Other types of income from real estate investments may also qualify. For example, if you invested in a crowdfunded real estate project, income distributions may also qualify for the pass-through deduction. REIT dividends may also qualify because they may be considered QBI.

If you have a QBI loss in any given year, that loss must be carried over to the next year. That loss could reduce your deductible QBI.

Of course, these are just simple examples, and there are other rules and regulations that need to be followed. For example, to claim the pass-through deduction, your rental activity must constitute a business for tax purposes, not an investment activity. Your accountant will walk you through the process.

5. 1031 Exchange

A 1031 Exchange allows you to exchange one investment property for another property that’s similar or greater in value.
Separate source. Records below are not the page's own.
definition iso_rep :: "'g set \<Rightarrow> ('g \<Rightarrow> ('a \<Rightarrow> 'k) \<Rightarrow> ('a \<Rightarrow> 'k)) \<Rightarrow> ('a \<Rightarrow> 'k::field) set \<Rightarrow> ('a \<Rightarrow> 'k) set \<Rightarrow> bool" where
  "iso_rep G act W1 W2 \<longleftrightarrow> (\<exists>\<phi>. bij_betw \<phi> W1 W2
      \<and> flinear_on W1 \<phi> (\<lambda>x y a. x a + y a) (\<lambda>c x a. c * x a)
      \<and> (\<forall>g\<in>G. \<forall>w\<in>W1. \<phi> (act g w) = act g (\<phi> w)))"

definition iso_trivial :: "'g set \<Rightarrow> ('g \<Rightarrow> ('a \<Rightarrow> 'k) \<Rightarrow> ('a \<Rightarrow> 'k)) \<Rightarrow> ('a \<Rightarrow> 'k::field) set \<Rightarrow> bool" where
  "iso_trivial G act W \<longleftrightarrow> (\<exists>\<phi> :: ('a \<Rightarrow> 'k) \<Rightarrow> 'k. bij_betw \<phi> W UNIV
      \<and> flinear_on W \<phi> (+) (*)
      \<and> (\<forall>g\<in>G. \<forall>w\<in>W. \<phi> (act g w) = \<phi> w))"

definition direct_sum :: "('a \<Rightarrow> 'k::field) set \<Rightarrow> nat \<Rightarrow> (nat \<Rightarrow> ('a \<Rightarrow> 'k) set) \<Rightarrow> bool" where
  "direct_sum V n W \<longleftrightarrow> (\<forall>i<n. W i \<subseteq> V) \<and>
     (\<forall>f\<in>V. \<exists>!ws. (\<forall>i. (i < n \<longrightarrow> ws i \<in> W i) \<and> (n \<le> i \<longrightarrow> ws i = (\<lambda>_. 0)))
                    \<and> f = (\<lambda>a. \<Sum>i<n. ws i a))"

end

theory Submission
  imports Defs
begin

text \<open>
  The ideals of \<open>R\<close> form a single chain \<open>0 = I\<^sub>0 \<subset> \<dots> \<subset> I\<^sub>k = R\<close>. Lines spanned by unimodular
  vectors \<open>v\<close>, \<open>w\<close> are congruent modulo an ideal \<open>I\<close> when \<open>det(v, w) \<in> I\<close>; this is a
  \<open>GL\<^sub>2(R)\<close>-invariant equivalence relation, and averaging over congruence classes splits the
  Steinberg module into the layers \<open>W\<^sub>i\<close> of functions that are constant on \<open>I\<^sub>i\<close>-classes and
  sum to zero over every \<open>I\<^sub>i\<^sub>+\<^sub>1\<close>-class.

  The stabiliser \<open>B\<close> of the standard line has exactly two orbits on the \<open>I\<^sub>i\<^sub>+\<^sub>1\<close>-class of
  that line and acts transitively enough elsewhere that the \<open>B\<close>-fixed vectors of \<open>W\<^sub>i\<close> form a
  line, spanned by some \<open>\<psi>\<^sub>i\<close>. Averaging a suitable translate over \<open>B\<close> shows that every
  nonzero subrepresentation of \<open>W\<^sub>i\<close> contains \<open>\<psi>\<^sub>i\<close>; the equivariant self-adjoint operator
  \<open>h \<mapsto> \<Sum>\<^sub>g \<langle>h, g\<psi>\<^sub>i\<rangle> g\<psi>\<^sub>i\<close> is then a nonzero scalar on \<open>W\<^sub>i\<close>, which forces irreducibility.

  A lower transvection with entry \<open>t \<in> I\<^sub>i\<^sub>+\<^sub>1 - I\<^sub>i\<close> moves \<open>\<psi>\<^sub>i\<close> but acts trivially on
  every \<open>W\<^sub>j\<close> with \<open>j > i\<close>, so the layers are non-trivial and pairwise non-isomorphic.\<close>

definition vec2 :: "'r \<Rightarrow> 'r \<Rightarrow> 'r^2" where
  "vec2 a b = (\<chi> i. if i = 1 then a else b)"

definition mat2 :: "'r \<Rightarrow> 'r \<Rightarrow> 'r \<Rightarrow> 'r \<Rightarrow> 'r^2^2" where
  "mat2 a b c d = (\<chi> i. if i = 1 then vec2 a b else vec2 c d)"

definition det2 :: "'r::comm_ring_1 ^2 \<Rightarrow> 'r^2 \<Rightarrow> 'r" where
  "det2 v w = v$1 * w$2 - v$2 * w$1"

definition line_of :: "'r::comm_ring_1 ^2 \<Rightarrow> ('r^2) set" where
  "line_of v = {r *s v | r. True}"

definition pullback :: "'r::comm_ring_1^2^2 \<Rightarrow> ('r^2) set \<Rightarrow> ('r^2) set" where
  "pullback g L = {v. g *v v \<in> L}"

lemma tits2_eq: "tits2 = {L. \<exists>v. unimodular v \<and> L = line_of v}"
  unfolding tits2_def line_of_def by simp

lemma st_act_eq_pullback: "st_act g f L = f (pullback g L)"
  unfolding st_act_def pullback_def by simp

lemma vec2_nth [simp]: "vec2 a b $ 1 = a" "vec2 a b $ 2 = b"
  by (simp_all add: vec2_def)

lemma vec2_coords: "v = vec2 (v$1) (v$2)"
  by (simp add: vec_eq_iff forall_2)

lemma mat2_nth [simp]: "mat2 a b c d $ 1 = vec2 a b" "mat2 a b c d $ 2 = vec2 c d"
  by (simp_all add: mat2_def)

lemma mat2_mult_vec2 [simp]: "mat2 a b c d *v vec2 p q = vec2 (a*p + b*q) (c*p + d*q)"
  by (simp add: vec_eq_iff forall_2 matrix_vector_mult_def sum_2)

lemma mat2_mult_vec: "mat2 a b c d *v v = vec2 (a * v$1 + b * v$2) (c * v$1 + d * v$2)"
  by (metis mat2_mult_vec2 vec2_coords)

lemma mat2_mult_mat2 [simp]: "mat2 a b c d ** mat2 a' b' c' d' =
   mat2 (a*a' + b*c') (a*b' + b*d') (c*a' + d*c') (c*b' + d*d')"
  by (simp add: vec_eq_iff forall_2 matrix_matrix_mult_def sum_2)

lemma mat2_one: "(mat 1 :: 'r::comm_ring_1^2^2) = mat2 1 0 0 1"
  by (simp add: vec_eq_iff forall_2 mat_def)

lemma smult_vec2 [simp]: "c *s vec2 a b = vec2 (c*a) (c*b)"
  by (simp add: vec_eq_iff forall_2)

lemma unimodular_vec2: "unimodular (vec2 a b) \<longleftrightarrow> (\<exists>x y. x*a + y*b = 1)"
  by (simp add: unimodular_def)

lemma unimodular_vec2_1: "unimodular (vec2 1 t)"
  unfolding unimodular_vec2 by (rule exI[of _ 1], rule exI[of _ 0]) simp

lemma matrix_vector_mult_smult: "(A::'r::comm_ring_1^2^2) *v (c *s v) = c *s (A *v v)"
  by (simp add: vec_eq_iff matrix_vector_mult_def sum_distrib_left mult_ac)

lemma det2_smult [simp]: "det2 (c *s v) w = c * det2 v w" "det2 v (c *s w) = c * det2 v w"
  by (simp_all add: det2_def algebra_simps)

lemma det2_swap: "det2 w v = - det2 v w"
  by (simp add: det2_def algebra_simps)

lemma det2_matrix_vector_mult:
  "det2 ((A::'r::comm_ring_1^2^2) *v v) (A *v w) = (A$1$1 * A$2$2 - A$1$2 * A$2$1) * det2 v w"
  by (simp add: det2_def matrix_vector_mult_def sum_2 algebra_simps)

lemma det2_pluecker: "det2 v w * (x::'r::comm_ring_1^2)$i = det2 v x * w$i + det2 x w * v$i"
proof -
  have "det2 v w * x$1 = det2 v x * w$1 + det2 x w * v$1"
       "det2 v w * x$2 = det2 v x * w$2 + det2 x w * v$2"
    by (simp_all add: det2_def algebra_simps)
  then show ?thesis using exhaust_2[of i] by blast
qed

lemma unimodular_of_matrix_vector_mult:
  assumes "unimodular ((H::'r::comm_ring_1^2^2) *v w)" shows "unimodular w"
proof -
  obtain a b where "a * (H *v w)$1 + b * (H *v w)$2 = 1"
    using assms unfolding unimodular_def by blast
  then show ?thesis unfolding unimodular_def
    by (intro exI[of _ "a * H$1$1 + b * H$2$1"] exI[of _ "a * H$1$2 + b * H$2$2"])
       (simp add: matrix_vector_mult_def sum_2 algebra_simps)
qed

lemma in_line_of_self: "v \<in> line_of v"
  unfolding line_of_def by (auto intro!: exI[of _ 1])

lemma line_of_smult_subset: "line_of (c *s v) \<subseteq> line_of v"
  unfolding line_of_def by (auto simp: vector_smult_assoc)

lemma line_of_subset: assumes "w \<in> line_of v" shows "line_of w \<subseteq> line_of v"
proof -
  obtain s where "w = s *s v" using assms unfolding line_of_def by blast
  then show ?thesis using line_of_smult_subset by blast
qed

lemma line_of_unit_smult: assumes "u dvd 1" shows "line_of (u *s v) = line_of v"
proof
  obtain i where "1 = u * i" using assms by (rule dvdE)
  then have "v = i *s (u *s v)" by (simp add: vector_smult_assoc mult.commute)
  then show "line_of v \<subseteq> line_of (u *s v)" by (metis line_of_smult_subset)
qed (rule line_of_smult_subset)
Other types of asset swaps are taxable at the sale, but with a 1031 Exchange, the tax liabilities are zero or minimal. Real estate investors can use this strategy to potentially avoid depreciation recapture or capital gains.

A 1031 Exchange can be used indefinitely, but when it comes time to cash in on your profits, you will need to pay any taxes that were deferred.

Like with other real estate tax strategies, it’s best to consult with your accountant about 1031 Exchanges.

6. Opportunity Zone Funds

To encourage growth in financially distressed and rural areas of the country, a tax incentive was rolled out with the Tax Cuts and Jobs Act. This incentive allows investors to put their qualified capital gains into what they call an “opportunity zone fund.”

There are more than 9,000 areas that have now been designated as opportunity zones.

Any money that goes into the fund will be put towards improving these zones.

An opportunity zone fund allows you to defer or eliminate your capital gains, depending on how long you hold onto your fund investment. If you remain invested in the fund for 10+ years, you can avoid paying capital gains entirely.

7. No FICA Taxes

When you’re self-employed, you’re responsible for paying the entire 15.3% tax for Social Security and Medicare (also known as self-employment tax or FICA taxes) on your income.

However, rental income is treated differently. If you are self-employed, your rental income is exempt from Medicare and Social Security taxes, saving you money on your taxes each year.


There are many tax benefits to investing in real estate. However, to take full advantage of these benefits, it’s important to consult with an experienced and qualified accountant.